=== Section Start ===

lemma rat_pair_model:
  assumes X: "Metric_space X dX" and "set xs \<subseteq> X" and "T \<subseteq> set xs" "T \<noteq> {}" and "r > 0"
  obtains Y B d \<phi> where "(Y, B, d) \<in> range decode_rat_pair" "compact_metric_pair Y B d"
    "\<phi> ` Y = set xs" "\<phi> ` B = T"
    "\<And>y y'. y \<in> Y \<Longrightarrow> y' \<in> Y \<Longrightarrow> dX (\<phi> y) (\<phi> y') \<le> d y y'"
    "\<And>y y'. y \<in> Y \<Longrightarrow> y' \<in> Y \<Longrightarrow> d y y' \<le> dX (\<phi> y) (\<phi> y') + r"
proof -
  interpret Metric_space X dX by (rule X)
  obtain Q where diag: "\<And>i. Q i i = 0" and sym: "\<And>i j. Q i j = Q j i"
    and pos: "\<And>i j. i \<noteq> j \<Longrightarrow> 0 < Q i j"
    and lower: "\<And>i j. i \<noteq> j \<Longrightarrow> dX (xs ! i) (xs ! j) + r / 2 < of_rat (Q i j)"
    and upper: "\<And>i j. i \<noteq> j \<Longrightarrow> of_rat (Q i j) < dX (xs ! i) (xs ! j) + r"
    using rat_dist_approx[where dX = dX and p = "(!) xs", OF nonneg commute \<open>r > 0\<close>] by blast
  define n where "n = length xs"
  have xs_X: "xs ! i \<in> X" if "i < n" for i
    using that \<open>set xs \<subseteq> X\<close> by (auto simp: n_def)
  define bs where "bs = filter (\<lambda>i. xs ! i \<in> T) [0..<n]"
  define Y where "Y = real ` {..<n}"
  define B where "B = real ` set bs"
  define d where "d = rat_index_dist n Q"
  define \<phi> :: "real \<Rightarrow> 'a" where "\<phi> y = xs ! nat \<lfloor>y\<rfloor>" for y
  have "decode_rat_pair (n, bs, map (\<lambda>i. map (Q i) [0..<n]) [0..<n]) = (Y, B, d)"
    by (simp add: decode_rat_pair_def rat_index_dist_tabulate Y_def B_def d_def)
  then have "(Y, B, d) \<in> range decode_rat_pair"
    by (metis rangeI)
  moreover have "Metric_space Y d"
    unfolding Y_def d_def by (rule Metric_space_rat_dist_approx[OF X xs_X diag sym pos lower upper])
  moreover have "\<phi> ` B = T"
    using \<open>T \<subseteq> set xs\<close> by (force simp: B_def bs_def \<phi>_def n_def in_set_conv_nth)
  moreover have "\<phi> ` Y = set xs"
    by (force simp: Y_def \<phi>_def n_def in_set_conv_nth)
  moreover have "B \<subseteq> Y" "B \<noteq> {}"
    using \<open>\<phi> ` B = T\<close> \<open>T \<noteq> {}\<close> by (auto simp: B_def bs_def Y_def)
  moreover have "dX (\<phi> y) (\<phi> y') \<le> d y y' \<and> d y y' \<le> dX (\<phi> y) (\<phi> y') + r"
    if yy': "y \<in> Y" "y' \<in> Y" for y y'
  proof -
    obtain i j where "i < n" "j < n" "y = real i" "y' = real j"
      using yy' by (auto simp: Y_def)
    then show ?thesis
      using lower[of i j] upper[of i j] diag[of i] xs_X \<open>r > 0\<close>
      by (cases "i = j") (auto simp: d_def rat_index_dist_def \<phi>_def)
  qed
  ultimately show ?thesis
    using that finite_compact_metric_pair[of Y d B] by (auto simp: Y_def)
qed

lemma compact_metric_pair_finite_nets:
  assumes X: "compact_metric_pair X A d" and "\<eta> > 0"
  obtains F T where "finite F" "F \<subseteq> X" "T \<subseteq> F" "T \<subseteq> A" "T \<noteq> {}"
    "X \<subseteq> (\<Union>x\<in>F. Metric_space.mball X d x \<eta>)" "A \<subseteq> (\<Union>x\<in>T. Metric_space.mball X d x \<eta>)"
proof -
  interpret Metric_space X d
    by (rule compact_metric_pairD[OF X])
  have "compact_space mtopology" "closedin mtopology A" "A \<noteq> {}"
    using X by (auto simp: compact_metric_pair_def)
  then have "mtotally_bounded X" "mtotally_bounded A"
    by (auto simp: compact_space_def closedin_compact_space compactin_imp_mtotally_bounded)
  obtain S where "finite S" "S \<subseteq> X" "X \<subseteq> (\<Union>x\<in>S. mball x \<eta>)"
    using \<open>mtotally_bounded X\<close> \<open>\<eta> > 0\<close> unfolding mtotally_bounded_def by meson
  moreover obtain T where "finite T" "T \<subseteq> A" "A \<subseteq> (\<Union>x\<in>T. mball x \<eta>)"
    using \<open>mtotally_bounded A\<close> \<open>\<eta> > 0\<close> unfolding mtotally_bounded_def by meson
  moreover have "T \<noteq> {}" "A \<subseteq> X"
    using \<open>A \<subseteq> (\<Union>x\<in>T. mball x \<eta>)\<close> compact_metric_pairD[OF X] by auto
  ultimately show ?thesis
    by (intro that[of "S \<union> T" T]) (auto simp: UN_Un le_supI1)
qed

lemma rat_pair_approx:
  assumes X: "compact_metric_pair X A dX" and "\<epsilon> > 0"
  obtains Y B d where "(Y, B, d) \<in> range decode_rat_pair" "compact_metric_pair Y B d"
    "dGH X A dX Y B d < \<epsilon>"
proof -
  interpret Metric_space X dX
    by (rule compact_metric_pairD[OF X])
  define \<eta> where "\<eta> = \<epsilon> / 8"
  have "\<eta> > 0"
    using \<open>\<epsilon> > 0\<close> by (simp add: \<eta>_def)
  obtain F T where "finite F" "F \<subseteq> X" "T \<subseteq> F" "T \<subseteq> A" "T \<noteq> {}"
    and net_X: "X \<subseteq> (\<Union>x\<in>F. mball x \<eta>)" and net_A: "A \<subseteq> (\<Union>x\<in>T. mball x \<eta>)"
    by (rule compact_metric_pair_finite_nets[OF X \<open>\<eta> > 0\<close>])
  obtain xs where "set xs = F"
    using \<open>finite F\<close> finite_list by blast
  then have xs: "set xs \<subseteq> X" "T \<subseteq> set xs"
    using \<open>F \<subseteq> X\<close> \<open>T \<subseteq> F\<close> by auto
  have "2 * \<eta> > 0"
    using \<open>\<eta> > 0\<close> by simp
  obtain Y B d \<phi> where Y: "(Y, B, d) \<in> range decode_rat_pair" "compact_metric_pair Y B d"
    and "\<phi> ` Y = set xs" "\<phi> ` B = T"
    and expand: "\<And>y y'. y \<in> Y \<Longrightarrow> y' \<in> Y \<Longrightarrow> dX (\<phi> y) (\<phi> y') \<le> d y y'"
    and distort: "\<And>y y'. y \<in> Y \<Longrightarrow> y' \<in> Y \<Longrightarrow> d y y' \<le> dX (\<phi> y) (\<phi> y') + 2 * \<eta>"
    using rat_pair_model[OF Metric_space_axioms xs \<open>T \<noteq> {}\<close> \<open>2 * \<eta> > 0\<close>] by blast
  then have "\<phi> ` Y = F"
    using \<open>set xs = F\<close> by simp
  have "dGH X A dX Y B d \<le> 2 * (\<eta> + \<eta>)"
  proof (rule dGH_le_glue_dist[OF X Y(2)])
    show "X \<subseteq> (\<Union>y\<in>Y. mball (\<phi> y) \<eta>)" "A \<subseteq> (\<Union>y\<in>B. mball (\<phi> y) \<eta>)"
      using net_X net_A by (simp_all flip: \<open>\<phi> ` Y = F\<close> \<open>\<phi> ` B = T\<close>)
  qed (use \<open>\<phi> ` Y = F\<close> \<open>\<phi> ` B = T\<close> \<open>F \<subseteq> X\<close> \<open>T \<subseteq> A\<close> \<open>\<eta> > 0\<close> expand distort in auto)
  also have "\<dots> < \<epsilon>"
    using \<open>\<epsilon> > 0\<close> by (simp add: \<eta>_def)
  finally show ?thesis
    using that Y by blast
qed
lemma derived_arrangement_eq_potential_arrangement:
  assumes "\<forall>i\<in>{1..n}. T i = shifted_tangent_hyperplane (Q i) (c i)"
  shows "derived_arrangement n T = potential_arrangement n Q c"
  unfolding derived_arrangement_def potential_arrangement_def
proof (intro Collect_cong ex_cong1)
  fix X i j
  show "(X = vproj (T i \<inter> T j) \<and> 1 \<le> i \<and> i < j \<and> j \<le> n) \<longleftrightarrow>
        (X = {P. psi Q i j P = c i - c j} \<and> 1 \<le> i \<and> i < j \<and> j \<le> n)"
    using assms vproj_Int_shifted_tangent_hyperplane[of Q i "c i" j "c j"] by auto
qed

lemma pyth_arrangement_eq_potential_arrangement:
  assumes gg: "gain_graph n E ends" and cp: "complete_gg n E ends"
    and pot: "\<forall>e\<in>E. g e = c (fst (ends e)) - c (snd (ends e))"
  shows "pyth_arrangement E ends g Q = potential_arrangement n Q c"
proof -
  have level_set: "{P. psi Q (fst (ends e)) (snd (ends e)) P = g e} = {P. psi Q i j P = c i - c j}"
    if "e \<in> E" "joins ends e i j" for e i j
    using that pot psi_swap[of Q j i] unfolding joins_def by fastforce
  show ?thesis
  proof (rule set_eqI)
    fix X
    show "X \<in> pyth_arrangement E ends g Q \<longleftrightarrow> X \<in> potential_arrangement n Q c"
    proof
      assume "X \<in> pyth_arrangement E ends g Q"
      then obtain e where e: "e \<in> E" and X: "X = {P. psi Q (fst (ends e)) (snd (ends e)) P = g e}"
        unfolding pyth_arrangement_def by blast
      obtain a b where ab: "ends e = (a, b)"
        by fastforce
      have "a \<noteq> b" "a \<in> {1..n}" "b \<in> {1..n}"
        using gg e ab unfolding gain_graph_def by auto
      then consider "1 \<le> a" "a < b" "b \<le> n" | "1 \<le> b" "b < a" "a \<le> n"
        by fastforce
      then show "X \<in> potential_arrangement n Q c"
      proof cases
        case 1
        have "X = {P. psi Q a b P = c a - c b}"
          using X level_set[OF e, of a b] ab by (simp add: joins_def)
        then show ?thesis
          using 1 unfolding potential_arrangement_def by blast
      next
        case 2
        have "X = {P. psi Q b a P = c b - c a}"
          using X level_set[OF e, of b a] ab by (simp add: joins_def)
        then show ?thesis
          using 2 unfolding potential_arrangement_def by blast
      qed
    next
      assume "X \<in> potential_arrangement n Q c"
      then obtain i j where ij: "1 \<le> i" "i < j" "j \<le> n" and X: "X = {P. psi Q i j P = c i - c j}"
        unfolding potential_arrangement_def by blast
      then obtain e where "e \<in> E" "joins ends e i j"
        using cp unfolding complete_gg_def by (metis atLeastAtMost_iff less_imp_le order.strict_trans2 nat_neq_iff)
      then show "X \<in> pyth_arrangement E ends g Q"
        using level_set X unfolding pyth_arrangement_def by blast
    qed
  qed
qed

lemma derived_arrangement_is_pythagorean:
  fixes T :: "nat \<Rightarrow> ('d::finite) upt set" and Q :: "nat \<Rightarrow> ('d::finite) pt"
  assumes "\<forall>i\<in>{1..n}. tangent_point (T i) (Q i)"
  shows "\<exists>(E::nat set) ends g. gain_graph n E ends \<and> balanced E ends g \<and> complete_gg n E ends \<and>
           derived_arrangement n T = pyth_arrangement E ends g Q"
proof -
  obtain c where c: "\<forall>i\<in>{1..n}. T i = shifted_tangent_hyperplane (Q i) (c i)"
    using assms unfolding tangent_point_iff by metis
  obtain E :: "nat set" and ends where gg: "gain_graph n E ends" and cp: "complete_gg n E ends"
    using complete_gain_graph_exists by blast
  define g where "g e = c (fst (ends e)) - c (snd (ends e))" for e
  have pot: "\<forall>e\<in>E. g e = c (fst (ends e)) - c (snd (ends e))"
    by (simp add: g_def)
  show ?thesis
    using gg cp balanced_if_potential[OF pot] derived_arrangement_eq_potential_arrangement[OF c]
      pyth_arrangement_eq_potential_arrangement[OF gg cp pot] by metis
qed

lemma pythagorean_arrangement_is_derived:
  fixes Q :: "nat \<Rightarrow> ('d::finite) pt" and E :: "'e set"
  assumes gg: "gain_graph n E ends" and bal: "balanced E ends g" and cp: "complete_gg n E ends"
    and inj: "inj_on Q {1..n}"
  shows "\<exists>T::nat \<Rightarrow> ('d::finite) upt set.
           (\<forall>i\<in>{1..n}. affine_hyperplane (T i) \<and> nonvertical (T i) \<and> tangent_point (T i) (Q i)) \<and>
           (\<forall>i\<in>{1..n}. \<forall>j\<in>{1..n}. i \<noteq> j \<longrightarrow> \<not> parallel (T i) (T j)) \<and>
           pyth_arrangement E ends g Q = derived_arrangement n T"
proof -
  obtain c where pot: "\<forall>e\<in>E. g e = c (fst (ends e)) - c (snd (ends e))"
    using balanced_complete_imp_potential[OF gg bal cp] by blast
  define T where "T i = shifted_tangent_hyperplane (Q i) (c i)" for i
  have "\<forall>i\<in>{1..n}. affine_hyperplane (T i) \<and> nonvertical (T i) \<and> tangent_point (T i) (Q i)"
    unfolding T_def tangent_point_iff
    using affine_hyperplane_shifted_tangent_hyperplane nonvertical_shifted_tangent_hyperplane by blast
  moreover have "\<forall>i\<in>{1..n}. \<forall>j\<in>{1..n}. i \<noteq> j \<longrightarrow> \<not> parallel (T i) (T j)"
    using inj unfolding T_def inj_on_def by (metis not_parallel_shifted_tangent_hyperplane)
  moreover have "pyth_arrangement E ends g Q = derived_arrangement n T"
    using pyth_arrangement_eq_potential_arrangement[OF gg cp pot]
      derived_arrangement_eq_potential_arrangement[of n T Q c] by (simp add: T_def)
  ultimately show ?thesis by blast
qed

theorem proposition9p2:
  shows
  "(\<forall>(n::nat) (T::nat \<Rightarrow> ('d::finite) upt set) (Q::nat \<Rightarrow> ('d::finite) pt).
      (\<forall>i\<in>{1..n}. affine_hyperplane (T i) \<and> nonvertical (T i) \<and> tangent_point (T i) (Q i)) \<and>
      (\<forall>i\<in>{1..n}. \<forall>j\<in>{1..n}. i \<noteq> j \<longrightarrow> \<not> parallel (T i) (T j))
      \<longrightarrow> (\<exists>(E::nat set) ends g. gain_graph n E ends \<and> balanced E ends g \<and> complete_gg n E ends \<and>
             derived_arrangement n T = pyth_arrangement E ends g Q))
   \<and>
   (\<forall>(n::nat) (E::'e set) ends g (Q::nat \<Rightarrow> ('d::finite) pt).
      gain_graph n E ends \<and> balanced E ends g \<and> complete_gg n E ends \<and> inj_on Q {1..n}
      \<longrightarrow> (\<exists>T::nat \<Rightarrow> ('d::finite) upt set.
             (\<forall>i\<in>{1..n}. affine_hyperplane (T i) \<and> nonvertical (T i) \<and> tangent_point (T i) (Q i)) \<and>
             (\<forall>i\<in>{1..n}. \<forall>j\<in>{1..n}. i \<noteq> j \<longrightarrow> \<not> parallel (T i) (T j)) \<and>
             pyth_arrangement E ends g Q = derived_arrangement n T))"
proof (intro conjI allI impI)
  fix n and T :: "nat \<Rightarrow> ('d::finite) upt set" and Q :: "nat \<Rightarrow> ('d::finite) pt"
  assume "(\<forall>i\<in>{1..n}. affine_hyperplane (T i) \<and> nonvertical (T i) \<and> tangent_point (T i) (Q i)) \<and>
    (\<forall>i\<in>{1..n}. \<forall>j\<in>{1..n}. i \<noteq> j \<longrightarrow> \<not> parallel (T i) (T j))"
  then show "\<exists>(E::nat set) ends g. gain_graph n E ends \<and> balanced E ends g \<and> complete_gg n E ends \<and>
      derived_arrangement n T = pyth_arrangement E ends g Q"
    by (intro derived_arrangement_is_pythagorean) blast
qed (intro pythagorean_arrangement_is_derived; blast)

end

=== Section End ===

▶ _Activity_: Print the material above verbatim, first line through the line containing "using rat_dist_approx[where dX", both included.

▶ _Exercise response_:
lemma rat_pair_model:
  assumes X: "Metric_space X dX" and "set xs \<subseteq> X" and "T \<subseteq> set xs" "T \<noteq> {}" and "r > 0"
  obtains Y B d \<phi> where "(Y, B, d) \<in> range decode_rat_pair" "compact_metric_pair Y B d"
    "\<phi> ` Y = set xs" "\<phi> ` B = T"
    "\<And>y y'. y \<in> Y \<Longrightarrow> y' \<in> Y \<Longrightarrow> dX (\<phi> y) (\<phi> y') \<le> d y y'"
    "\<And>y y'. y \<in> Y \<Longrightarrow> y' \<in> Y \<Longrightarrow> d y y' \<le> dX (\<phi> y) (\<phi> y') + r"
proof -
  interpret Metric_space X dX by (rule X)
  obtain Q where diag: "\<And>i. Q i i = 0" and sym: "\<And>i j. Q i j = Q j i"
    and pos: "\<And>i j. i \<noteq> j \<Longrightarrow> 0 < Q i j"
    and lower: "\<And>i j. i \<noteq> j \<Longrightarrow> dX (xs ! i) (xs ! j) + r / 2 < of_rat (Q i j)"
    and upper: "\<And>i j. i \<noteq> j \<Longrightarrow> of_rat (Q i j) < dX (xs ! i) (xs ! j) + r"
    using rat_dist_approx[where dX = dX and p = "(!) xs", OF nonneg commute \<open>r > 0\<close>] by blast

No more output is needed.